#### [YOUR OBJECTIVE]
An exact copy of every record is needed.

═════ RECORDS FOR PROCESSING

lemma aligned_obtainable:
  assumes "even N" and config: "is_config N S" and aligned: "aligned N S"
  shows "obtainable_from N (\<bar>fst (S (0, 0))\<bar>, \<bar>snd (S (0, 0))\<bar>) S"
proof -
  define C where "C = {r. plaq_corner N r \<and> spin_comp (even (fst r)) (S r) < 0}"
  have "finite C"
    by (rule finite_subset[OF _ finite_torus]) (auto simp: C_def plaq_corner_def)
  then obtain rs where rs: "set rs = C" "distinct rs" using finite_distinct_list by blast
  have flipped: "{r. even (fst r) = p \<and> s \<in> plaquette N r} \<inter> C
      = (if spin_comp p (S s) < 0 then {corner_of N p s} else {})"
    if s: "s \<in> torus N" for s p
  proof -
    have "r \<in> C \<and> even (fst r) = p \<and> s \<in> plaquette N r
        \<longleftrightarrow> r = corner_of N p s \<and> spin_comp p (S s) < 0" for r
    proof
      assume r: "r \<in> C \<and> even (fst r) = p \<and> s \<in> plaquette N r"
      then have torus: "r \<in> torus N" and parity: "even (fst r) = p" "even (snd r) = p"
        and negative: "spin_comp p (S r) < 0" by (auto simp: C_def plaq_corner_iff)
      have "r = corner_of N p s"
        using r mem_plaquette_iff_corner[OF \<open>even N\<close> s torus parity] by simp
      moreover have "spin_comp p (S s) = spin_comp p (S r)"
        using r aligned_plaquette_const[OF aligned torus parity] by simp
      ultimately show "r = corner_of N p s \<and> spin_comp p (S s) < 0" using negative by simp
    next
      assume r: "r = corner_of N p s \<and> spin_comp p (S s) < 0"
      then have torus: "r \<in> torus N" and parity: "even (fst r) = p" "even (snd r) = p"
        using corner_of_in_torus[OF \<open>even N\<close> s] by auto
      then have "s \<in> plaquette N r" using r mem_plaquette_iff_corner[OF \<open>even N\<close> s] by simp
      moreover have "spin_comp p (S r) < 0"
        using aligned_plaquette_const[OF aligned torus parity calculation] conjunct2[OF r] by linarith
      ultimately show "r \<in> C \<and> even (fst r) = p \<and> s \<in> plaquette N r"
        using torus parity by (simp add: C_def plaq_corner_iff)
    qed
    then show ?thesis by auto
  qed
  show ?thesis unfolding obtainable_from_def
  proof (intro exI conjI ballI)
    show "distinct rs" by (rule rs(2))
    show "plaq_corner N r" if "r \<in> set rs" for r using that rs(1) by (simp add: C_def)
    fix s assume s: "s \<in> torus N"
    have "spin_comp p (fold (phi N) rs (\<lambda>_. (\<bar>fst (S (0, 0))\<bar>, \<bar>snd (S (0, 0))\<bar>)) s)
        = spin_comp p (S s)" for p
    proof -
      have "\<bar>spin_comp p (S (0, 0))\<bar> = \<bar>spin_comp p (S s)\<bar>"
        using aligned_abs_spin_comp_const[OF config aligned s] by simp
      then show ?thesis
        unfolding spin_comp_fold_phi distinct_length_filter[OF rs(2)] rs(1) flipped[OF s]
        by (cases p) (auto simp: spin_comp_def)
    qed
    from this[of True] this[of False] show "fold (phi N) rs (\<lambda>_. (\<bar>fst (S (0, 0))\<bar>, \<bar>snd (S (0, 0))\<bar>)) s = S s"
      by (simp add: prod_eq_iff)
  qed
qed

══════════

#### [EXERCISE RESPONSE]
lemma aligned_obtainable:
  assumes "even N" and config: "is_config N S" and aligned: "aligned N S"
  shows "obtainable_from N (\<bar>fst (S (0, 0))\<bar>, \<bar>snd (S (0, 0))\<bar>) S"
proof -
  define C where "C = {r. plaq_corner N r \<and> spin_comp (even (fst r)) (S r) < 0}"
  have "finite C"
    by (rule finite_subset[OF _ finite_torus]) (auto simp: C_def plaq_corner_def)
  then obtain rs where rs: "set rs = C" "distinct rs" using finite_distinct_list by blast
  have flipped: "{r. even (fst r) = p \<and> s \<in> plaquette N r} \<inter> C
      = (if spin_comp p (S s) < 0 then {corner_of N p s} else {})"
    if s: "s \<in> torus N" for s p
  proof -
    have "r \<in> C \<and> even (fst r) = p \<and> s \<in> plaquette N r
        \<longleftrightarrow> r = corner_of N p s \<and> spin_comp p (S s) < 0" for r
    proof
      assume r: "r \<in> C \<and> even (fst r) = p \<and> s \<in> plaquette N r"
      then have torus: "r \<in> torus N" and parity: "even (fst r) = p" "even (snd r) = p"
        and negative: "spin_comp p (S r) < 0" by (auto simp: C_def plaq_corner_iff)
      have "r = corner_of N p s"
        using r mem_plaquette_iff_corner[OF \<open>even N\<close> s torus parity] by simp
      moreover have "spin_comp p (S s) = spin_comp p (S r)"
        using r aligned_plaquette_const[OF aligned torus parity] by simp
      ultimately show "r = corner_of N p s \<and> spin_comp p (S s) < 0" using negative by simp
    next
      assume r: "r = corner_of N p s \<and> spin_comp p (S s) < 0"
      then have torus: "r \<in> torus N" and parity: "even (fst r) = p" "even (snd r) = p"
        using corner_of_in_torus[OF \<open>even N\<close> s] by auto
      then have "s \<in> plaquette N r" using r mem_plaquette_iff_corner[OF \<open>even N\<close> s] by simp
      moreover have "spin_comp p (S r) < 0"
        using aligned_plaquette_const[OF aligned torus parity calculation] conjunct2[OF r] by linarith
      ultimately show "r \<in> C \<and> even (fst r) = p \<and> s \<in> plaquette N r"
        using torus parity by (simp add: C_def plaq_corner_iff)
    qed
    then show ?thesis by auto
  qed
  show ?thesis unfolding obtainable_from_def
  proof (intro exI conjI ballI)
    show "distinct rs" by (rule rs(2))
    show "plaq_corner N r" if "r \<in> set rs" for r using that rs(1) by (simp add: C_def)
    fix s assume s: "s \<in> torus N"
    have "spin_comp p (fold (phi N) rs (\<lambda>_. (\<bar>fst (S (0, 0))\<bar>, \<bar>snd (S (0, 0))\<bar>)) s)
        = spin_comp p (S s)" for p
    proof -
      have "\<bar>spin_comp p (S (0, 0))\<bar> = \<bar>spin_comp p (S s)\<bar>"
        using aligned_abs_spin_comp_const[OF config aligned s] by simp
      then show ?thesis
        unfolding spin_comp_fold_phi distinct_length_filter[OF rs(2)] rs(1) flipped[OF s]
        by (cases p) (auto simp: spin_comp_def)
    qed
    from this[of True] this[of False] show "fold (phi N) rs (\<lambda>_. (\<bar>fst (S (0, 0))\<bar>, \<bar>snd (S (0, 0))\<bar>)) s = S s"
      by (simp add: prod_eq_iff)
  qed
qed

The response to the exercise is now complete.